**What to produce:** Among the entries that follow, find every line with the word "ultimately" and list it.

Data provided Start Marker

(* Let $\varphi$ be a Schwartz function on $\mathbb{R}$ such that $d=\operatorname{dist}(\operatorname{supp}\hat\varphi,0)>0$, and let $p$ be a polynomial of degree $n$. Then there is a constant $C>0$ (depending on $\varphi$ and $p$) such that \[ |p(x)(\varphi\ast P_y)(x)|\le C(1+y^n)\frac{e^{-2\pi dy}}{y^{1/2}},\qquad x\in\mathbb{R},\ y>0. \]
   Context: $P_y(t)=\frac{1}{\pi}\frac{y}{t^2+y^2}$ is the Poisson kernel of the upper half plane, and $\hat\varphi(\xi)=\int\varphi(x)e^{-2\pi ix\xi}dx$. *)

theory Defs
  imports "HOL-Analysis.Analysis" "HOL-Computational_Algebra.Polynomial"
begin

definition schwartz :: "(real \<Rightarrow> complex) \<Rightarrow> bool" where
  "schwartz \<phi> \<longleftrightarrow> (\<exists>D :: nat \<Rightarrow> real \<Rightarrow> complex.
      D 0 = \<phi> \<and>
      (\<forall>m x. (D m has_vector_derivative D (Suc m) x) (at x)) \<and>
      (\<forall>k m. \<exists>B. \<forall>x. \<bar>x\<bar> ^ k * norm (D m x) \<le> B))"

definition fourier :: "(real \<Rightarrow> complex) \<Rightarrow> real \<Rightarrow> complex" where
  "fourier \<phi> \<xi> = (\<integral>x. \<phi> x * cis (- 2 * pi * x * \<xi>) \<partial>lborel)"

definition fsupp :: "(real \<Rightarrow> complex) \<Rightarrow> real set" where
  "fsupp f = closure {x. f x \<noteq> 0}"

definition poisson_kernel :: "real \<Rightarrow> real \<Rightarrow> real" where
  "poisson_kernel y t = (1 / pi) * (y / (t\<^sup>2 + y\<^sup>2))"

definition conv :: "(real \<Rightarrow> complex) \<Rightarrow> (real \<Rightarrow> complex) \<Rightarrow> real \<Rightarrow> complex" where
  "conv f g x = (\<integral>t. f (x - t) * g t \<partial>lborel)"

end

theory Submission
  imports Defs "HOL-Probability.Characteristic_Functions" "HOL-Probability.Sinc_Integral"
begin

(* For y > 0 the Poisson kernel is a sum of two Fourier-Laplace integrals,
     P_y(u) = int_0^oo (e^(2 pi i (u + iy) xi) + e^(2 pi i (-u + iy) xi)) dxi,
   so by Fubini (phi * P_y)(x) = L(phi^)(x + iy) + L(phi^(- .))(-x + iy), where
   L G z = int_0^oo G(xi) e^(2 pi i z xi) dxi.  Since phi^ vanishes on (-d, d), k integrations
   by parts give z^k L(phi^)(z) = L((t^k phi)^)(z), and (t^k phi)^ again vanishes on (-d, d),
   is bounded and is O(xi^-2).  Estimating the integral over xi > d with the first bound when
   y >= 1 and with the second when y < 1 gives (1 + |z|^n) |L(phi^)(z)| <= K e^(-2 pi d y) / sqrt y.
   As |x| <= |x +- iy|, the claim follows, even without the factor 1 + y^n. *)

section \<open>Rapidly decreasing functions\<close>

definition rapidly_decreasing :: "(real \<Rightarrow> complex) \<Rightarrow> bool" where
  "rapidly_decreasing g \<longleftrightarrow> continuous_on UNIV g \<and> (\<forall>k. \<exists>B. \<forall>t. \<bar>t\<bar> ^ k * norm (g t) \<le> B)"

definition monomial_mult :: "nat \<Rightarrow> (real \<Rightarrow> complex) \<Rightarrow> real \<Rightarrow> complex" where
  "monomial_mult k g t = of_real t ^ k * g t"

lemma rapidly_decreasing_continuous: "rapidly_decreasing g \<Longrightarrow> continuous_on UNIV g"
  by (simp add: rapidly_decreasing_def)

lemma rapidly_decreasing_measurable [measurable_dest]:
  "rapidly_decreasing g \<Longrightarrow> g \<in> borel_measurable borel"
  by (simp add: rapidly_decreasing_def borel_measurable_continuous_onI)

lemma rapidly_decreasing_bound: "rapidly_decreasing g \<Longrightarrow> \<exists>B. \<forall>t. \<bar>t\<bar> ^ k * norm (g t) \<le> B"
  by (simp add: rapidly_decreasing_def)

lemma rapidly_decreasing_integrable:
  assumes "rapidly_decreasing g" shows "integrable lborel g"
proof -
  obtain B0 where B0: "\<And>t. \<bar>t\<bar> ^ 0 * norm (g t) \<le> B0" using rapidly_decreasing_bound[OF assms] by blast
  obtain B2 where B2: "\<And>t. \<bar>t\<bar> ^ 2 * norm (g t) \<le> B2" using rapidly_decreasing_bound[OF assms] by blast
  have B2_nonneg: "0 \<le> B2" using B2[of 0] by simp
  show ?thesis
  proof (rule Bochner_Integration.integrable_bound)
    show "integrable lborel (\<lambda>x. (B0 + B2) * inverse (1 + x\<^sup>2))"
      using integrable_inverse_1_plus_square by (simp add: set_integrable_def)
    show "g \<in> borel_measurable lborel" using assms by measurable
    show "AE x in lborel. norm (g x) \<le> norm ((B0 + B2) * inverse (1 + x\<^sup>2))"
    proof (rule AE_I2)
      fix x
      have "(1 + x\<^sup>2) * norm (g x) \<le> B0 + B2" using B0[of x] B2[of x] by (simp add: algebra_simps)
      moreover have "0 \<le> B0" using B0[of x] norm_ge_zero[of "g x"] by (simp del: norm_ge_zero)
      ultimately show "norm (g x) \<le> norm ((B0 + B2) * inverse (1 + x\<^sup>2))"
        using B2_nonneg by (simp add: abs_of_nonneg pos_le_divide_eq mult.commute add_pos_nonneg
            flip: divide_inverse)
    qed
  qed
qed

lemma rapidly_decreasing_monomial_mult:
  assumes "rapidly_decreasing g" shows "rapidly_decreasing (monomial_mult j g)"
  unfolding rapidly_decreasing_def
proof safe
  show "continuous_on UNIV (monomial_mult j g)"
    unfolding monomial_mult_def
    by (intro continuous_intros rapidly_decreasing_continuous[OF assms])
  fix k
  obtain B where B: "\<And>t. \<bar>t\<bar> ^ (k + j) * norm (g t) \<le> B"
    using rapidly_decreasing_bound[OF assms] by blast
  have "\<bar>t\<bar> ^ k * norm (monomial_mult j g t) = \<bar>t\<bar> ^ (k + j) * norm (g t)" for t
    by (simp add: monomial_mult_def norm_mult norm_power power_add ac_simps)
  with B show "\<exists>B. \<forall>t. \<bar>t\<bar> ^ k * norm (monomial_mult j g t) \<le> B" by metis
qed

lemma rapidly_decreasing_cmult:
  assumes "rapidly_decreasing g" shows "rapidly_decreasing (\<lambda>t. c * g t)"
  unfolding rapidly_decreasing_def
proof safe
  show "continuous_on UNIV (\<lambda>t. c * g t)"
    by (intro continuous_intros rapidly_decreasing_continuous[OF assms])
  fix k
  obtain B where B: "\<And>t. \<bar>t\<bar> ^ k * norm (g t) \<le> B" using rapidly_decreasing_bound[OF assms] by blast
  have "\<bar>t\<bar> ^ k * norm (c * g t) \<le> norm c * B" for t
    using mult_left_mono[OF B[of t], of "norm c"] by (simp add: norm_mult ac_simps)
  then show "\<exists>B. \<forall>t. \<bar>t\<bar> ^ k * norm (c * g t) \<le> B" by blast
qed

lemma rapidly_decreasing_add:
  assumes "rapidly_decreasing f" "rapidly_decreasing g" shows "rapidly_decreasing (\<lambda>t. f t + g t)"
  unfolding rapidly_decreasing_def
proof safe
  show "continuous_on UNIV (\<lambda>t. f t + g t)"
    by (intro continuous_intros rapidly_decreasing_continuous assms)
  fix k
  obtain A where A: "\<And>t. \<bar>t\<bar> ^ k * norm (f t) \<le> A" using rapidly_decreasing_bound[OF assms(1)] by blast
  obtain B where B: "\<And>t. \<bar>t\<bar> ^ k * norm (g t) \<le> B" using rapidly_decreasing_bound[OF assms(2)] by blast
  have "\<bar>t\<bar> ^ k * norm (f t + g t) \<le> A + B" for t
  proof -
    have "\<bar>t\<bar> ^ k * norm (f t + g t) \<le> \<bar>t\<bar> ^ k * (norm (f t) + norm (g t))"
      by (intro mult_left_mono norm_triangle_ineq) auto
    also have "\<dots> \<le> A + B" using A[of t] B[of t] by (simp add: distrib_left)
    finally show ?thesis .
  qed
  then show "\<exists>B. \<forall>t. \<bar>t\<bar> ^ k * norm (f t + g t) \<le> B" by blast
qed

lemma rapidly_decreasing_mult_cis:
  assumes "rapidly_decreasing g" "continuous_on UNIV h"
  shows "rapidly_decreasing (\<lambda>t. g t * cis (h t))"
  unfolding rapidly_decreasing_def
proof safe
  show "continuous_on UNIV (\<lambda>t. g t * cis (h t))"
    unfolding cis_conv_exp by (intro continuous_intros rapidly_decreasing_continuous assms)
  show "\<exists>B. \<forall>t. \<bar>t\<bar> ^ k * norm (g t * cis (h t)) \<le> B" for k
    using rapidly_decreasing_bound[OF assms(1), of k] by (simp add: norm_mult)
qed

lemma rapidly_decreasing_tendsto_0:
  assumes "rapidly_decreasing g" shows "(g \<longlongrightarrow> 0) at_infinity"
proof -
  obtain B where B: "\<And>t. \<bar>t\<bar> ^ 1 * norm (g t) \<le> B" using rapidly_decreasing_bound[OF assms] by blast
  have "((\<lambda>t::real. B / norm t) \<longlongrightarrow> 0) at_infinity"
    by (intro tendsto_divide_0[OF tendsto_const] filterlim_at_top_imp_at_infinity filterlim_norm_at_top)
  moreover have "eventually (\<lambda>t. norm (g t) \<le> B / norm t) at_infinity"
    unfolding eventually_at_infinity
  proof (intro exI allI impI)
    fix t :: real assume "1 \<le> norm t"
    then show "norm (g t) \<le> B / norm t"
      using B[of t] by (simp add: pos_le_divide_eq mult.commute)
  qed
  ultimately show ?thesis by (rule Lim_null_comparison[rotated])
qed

Data provided End Marker
Data provided Start Marker

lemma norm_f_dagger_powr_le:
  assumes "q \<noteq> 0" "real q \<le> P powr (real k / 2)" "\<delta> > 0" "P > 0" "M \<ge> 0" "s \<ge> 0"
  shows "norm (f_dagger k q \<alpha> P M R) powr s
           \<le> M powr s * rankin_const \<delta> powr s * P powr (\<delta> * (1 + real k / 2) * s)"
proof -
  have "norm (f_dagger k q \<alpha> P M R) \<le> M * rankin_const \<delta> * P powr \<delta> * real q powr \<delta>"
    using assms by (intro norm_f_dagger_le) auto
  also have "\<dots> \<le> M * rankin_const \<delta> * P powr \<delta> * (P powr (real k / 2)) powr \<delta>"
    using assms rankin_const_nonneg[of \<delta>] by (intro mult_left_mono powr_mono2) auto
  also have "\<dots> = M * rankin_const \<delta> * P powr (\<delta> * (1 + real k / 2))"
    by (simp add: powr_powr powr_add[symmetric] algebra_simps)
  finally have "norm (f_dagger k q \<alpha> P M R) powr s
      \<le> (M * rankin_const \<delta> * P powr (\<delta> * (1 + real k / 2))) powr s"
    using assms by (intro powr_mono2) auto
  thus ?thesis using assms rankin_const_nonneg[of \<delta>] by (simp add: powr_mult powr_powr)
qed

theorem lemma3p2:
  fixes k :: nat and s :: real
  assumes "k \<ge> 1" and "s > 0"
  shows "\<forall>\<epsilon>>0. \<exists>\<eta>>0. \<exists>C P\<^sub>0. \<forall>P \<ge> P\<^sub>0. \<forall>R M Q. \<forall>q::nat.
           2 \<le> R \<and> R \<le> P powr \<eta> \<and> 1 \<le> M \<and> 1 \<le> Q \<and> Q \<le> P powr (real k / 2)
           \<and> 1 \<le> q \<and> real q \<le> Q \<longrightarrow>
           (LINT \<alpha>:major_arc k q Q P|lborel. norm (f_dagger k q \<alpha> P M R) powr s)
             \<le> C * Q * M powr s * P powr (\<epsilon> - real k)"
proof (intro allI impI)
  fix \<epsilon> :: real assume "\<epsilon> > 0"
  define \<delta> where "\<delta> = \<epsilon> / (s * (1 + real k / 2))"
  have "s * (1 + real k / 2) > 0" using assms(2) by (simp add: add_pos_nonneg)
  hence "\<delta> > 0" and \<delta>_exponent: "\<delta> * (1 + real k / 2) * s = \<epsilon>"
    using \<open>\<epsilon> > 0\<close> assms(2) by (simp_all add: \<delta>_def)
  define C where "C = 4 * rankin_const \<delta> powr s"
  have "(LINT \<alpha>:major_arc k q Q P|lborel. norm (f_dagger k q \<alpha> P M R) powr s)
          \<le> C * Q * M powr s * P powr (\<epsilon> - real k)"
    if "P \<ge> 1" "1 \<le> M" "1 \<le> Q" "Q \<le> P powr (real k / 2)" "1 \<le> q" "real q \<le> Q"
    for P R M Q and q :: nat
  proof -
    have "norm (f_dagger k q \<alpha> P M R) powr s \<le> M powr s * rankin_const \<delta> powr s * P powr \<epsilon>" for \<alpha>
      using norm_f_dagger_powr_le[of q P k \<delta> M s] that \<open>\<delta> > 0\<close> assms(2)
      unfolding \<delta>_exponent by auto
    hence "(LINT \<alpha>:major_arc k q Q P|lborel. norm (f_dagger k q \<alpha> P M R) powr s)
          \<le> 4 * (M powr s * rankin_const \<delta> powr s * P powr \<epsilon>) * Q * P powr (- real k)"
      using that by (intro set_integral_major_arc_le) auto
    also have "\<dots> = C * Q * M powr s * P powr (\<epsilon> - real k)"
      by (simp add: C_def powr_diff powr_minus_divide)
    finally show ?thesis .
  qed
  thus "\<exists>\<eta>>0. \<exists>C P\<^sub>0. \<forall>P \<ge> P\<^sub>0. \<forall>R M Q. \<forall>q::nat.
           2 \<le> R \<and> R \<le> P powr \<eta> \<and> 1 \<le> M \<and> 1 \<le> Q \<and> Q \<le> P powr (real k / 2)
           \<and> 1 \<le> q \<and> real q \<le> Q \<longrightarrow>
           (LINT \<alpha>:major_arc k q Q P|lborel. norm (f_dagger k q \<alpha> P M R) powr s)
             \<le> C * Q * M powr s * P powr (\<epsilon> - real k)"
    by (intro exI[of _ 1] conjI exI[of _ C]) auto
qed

Data provided End Marker
Data provided Start Marker

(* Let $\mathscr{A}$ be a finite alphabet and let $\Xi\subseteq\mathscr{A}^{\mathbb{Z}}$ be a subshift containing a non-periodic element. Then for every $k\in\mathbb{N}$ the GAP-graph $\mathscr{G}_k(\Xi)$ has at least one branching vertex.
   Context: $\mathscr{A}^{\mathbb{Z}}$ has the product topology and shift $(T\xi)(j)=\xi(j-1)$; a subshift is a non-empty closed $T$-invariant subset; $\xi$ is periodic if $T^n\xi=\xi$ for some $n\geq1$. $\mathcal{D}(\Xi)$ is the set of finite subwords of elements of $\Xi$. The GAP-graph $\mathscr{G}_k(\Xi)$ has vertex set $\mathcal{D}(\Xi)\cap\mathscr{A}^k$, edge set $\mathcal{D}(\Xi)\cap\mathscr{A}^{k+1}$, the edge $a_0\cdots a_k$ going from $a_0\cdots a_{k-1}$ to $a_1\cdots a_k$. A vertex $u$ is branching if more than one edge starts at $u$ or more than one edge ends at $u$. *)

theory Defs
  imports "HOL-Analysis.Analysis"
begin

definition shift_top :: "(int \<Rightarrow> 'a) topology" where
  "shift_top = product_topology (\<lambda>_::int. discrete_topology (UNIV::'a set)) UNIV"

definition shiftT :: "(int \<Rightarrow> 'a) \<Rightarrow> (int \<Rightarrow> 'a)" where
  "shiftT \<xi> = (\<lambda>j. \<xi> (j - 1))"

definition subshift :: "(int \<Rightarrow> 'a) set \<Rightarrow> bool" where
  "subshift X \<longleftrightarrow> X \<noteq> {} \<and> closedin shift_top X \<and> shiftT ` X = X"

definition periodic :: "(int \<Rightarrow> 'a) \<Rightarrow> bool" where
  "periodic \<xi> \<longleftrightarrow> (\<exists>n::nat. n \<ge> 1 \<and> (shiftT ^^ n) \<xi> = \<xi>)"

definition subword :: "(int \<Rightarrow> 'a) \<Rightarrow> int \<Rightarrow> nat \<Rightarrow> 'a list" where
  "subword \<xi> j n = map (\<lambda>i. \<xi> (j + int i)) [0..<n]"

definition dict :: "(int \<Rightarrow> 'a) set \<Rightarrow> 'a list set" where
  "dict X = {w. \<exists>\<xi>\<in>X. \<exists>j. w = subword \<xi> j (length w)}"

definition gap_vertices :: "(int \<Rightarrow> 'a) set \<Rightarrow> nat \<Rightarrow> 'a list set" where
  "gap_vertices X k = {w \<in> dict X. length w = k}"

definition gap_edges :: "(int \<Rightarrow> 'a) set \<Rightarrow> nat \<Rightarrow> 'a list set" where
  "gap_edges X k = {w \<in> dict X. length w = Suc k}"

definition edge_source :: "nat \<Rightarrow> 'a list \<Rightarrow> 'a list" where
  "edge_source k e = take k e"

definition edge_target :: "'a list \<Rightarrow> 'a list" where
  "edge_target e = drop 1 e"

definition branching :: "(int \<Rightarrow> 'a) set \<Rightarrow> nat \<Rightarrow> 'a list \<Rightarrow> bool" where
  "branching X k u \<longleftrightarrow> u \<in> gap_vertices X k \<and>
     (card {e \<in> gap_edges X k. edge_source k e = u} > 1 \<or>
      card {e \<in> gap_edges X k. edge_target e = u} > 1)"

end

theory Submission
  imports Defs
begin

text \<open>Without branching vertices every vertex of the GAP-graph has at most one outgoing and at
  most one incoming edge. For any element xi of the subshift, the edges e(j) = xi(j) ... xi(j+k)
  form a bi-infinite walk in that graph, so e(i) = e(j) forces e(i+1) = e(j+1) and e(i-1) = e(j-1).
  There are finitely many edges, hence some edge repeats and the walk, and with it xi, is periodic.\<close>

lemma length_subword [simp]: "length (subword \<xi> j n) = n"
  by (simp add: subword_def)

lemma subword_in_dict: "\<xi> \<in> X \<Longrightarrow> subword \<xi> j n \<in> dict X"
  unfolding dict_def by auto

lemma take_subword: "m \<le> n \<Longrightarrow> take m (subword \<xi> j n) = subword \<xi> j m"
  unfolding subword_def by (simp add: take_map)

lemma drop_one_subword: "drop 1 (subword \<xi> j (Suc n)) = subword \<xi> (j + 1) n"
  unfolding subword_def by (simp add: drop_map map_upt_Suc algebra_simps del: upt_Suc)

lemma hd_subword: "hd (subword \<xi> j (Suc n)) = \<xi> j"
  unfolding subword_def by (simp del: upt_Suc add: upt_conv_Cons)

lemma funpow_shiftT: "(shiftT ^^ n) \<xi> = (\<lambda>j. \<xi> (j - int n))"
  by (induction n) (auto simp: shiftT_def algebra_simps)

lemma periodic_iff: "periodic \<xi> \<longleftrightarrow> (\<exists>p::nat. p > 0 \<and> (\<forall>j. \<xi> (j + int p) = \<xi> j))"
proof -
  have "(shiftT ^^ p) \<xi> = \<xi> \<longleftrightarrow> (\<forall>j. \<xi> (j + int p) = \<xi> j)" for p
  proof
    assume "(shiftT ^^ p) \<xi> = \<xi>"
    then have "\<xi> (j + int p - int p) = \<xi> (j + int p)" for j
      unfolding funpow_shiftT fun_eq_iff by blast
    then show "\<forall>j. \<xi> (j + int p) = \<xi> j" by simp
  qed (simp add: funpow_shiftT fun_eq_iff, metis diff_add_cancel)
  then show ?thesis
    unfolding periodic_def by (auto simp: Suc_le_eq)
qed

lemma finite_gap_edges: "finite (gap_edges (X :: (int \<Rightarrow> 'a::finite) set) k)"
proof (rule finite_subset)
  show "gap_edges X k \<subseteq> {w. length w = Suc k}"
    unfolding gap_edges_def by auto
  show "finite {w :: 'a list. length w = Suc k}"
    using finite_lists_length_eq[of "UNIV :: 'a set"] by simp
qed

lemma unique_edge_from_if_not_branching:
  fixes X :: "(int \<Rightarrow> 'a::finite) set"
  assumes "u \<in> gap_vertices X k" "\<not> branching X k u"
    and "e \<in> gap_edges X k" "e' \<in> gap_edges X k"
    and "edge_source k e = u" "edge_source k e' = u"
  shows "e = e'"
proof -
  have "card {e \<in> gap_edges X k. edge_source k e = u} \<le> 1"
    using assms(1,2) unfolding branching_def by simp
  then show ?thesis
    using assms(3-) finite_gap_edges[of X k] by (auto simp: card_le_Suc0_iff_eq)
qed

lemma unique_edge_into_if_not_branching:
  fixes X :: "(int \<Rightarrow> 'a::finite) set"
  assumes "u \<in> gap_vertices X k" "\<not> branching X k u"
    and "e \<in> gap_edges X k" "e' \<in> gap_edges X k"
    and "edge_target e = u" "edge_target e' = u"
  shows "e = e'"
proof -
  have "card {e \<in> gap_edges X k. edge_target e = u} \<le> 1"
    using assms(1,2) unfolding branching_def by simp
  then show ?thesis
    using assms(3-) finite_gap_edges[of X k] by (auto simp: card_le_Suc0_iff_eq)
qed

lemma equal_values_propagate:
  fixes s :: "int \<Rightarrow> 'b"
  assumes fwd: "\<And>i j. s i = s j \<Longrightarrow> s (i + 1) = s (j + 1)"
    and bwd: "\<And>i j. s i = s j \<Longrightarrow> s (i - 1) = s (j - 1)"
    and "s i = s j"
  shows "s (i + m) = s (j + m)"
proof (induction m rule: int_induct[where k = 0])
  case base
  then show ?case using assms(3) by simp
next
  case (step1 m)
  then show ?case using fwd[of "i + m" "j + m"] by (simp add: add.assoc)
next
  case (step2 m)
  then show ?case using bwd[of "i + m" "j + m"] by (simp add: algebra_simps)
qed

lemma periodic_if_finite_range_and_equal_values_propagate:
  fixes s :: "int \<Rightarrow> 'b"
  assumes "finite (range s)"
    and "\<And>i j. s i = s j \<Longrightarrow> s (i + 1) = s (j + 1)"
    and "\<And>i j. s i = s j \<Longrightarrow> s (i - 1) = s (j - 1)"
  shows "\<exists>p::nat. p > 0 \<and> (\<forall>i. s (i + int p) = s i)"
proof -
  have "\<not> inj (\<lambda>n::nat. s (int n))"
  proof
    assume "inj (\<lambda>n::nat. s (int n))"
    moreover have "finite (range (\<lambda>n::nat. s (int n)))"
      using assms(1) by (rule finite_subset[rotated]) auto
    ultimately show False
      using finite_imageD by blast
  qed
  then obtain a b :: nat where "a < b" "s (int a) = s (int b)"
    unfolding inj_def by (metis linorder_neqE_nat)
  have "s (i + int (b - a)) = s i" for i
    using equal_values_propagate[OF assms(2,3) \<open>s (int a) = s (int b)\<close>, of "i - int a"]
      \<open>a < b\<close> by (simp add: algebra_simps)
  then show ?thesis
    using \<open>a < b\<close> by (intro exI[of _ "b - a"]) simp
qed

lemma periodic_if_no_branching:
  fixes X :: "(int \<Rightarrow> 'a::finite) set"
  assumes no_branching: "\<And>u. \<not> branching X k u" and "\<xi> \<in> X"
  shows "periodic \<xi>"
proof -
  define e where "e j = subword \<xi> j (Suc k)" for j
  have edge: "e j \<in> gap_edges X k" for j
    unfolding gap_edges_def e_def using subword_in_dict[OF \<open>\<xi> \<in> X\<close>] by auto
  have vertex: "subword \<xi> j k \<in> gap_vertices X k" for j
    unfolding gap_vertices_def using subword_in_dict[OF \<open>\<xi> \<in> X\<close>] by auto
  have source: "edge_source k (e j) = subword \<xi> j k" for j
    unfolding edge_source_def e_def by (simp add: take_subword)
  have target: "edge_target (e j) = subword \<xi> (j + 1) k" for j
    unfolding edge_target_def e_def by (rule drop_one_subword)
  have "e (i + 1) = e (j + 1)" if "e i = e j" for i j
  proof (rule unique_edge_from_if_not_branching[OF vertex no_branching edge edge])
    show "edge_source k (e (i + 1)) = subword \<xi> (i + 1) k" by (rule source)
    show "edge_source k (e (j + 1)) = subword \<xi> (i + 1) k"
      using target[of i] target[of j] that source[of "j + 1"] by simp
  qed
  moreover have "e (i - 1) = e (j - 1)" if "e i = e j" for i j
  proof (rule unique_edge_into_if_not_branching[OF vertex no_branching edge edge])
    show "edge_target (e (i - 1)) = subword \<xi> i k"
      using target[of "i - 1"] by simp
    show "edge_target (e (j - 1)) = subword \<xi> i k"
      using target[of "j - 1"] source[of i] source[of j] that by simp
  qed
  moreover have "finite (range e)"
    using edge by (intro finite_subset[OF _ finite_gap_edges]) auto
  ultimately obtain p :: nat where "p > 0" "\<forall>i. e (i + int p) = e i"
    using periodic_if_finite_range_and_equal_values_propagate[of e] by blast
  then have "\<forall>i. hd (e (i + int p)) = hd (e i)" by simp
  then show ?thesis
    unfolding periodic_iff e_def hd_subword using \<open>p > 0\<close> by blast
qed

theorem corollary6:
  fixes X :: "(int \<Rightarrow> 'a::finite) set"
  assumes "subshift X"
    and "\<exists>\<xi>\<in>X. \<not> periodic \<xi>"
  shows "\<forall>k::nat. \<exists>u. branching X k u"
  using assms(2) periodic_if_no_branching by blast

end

Data provided End Marker

**Completed task:**
      ultimately show "norm (g x) \<le> norm ((B0 + B2) * inverse (1 + x\<^sup>2))"
  ultimately show ?thesis by (rule Lim_null_comparison[rotated])
    ultimately show False
  ultimately obtain p :: nat where "p > 0" "\<forall>i. e (i + int p) = e i"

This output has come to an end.